Supplied records:
______________________________
(* Let $n\geq 2$, let $a,b$ be integers with $1\leq a<b\leq n$, and let $\sigma$ be an $(n-1)$-permutation. Then there exists a u-p-word for $n$-permutations of the form $\Diamond_{a,b}u_2u_3\cdots u_N$ with $\mathrm{red}(u_2u_3\cdots u_n)=\sigma$ if and only if either ($a=1$ and $\sigma=12\cdots(n-1)$) or ($b=n$ and $\sigma=(n-1)(n-2)\cdots 1$).
   Context: An $n$-permutation is a permutation $\pi_1\cdots\pi_n$ of $\{1,\ldots,n\}$. For a word $w$ of distinct numbers, $\mathrm{red}(w)$ is obtained by replacing the $i$-th smallest letter by $i$. For integers $1\leq a<b\leq n$, $\Diamond_{a,b}$ is a restricted wildcard symbol. Consider a word $u=\Diamond_{a,b}u_2u_3\cdots u_N$ with $N\geq n$ and $u_2,\ldots,u_N$ positive integers. Its factors of length $n$ are $u_iu_{i+1}\cdots u_{i+n-1}$ for $1\leq i\leq N-n+1$ (with $u_1=\Diamond_{a,b}$); each factor's integer letters must be pairwise distinct. The first factor $\Diamond_{a,b}u_2\cdots u_n$ covers exactly the $n$-permutations $\pi$ with $\pi_1\in\{a,b\}$ and $\mathrm{red}(\pi_2\cdots\pi_n)=\mathrm{red}(u_2\cdots u_n)$ (i.e., the wildcard is replaced by a value that becomes the $a$-th or $b$-th smallest entry); a factor $u_i\cdots u_{i+n-1}$ with $i\geq 2$ covers only the $n$-permutation $\mathrm{red}(u_i\cdots u_{i+n-1})$. Such a word is a u-p-word for $n$-permutations if every $n$-permutation is covered by exactly one of its length-$n$ factors. *)

theory Defs
  imports Main
begin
______________________________
Directions:
Search the records for the word "permutation". Copy every line that has it.

Answer for the task:
(* Let $n\geq 2$, let $a,b$ be integers with $1\leq a<b\leq n$, and let $\sigma$ be an $(n-1)$-permutation. Then there exists a u-p-word for $n$-permutations of the form $\Diamond_{a,b}u_2u_3\cdots u_N$ with $\mathrm{red}(u_2u_3\cdots u_n)=\sigma$ if and only if either ($a=1$ and $\sigma=12\cdots(n-1)$) or ($b=n$ and $\sigma=(n-1)(n-2)\cdots 1$).
   Context: An $n$-permutation is a permutation $\pi_1\cdots\pi_n$ of $\{1,\ldots,n\}$. For a word $w$ of distinct numbers, $\mathrm{red}(w)$ is obtained by replacing the $i$-th smallest letter by $i$. For integers $1\leq a<b\leq n$, $\Diamond_{a,b}$ is a restricted wildcard symbol. Consider a word $u=\Diamond_{a,b}u_2u_3\cdots u_N$ with $N\geq n$ and $u_2,\ldots,u_N$ positive integers. Its factors of length $n$ are $u_iu_{i+1}\cdots u_{i+n-1}$ for $1\leq i\leq N-n+1$ (with $u_1=\Diamond_{a,b}$); each factor's integer letters must be pairwise distinct. The first factor $\Diamond_{a,b}u_2\cdots u_n$ covers exactly the $n$-permutations $\pi$ with $\pi_1\in\{a,b\}$ and $\mathrm{red}(\pi_2\cdots\pi_n)=\mathrm{red}(u_2\cdots u_n)$ (i.e., the wildcard is replaced by a value that becomes the $a$-th or $b$-th smallest entry); a factor $u_i\cdots u_{i+n-1}$ with $i\geq 2$ covers only the $n$-permutation $\mathrm{red}(u_i\cdots u_{i+n-1})$. Such a word is a u-p-word for $n$-permutations if every $n$-permutation is covered by exactly one of its length-$n$ factors. *)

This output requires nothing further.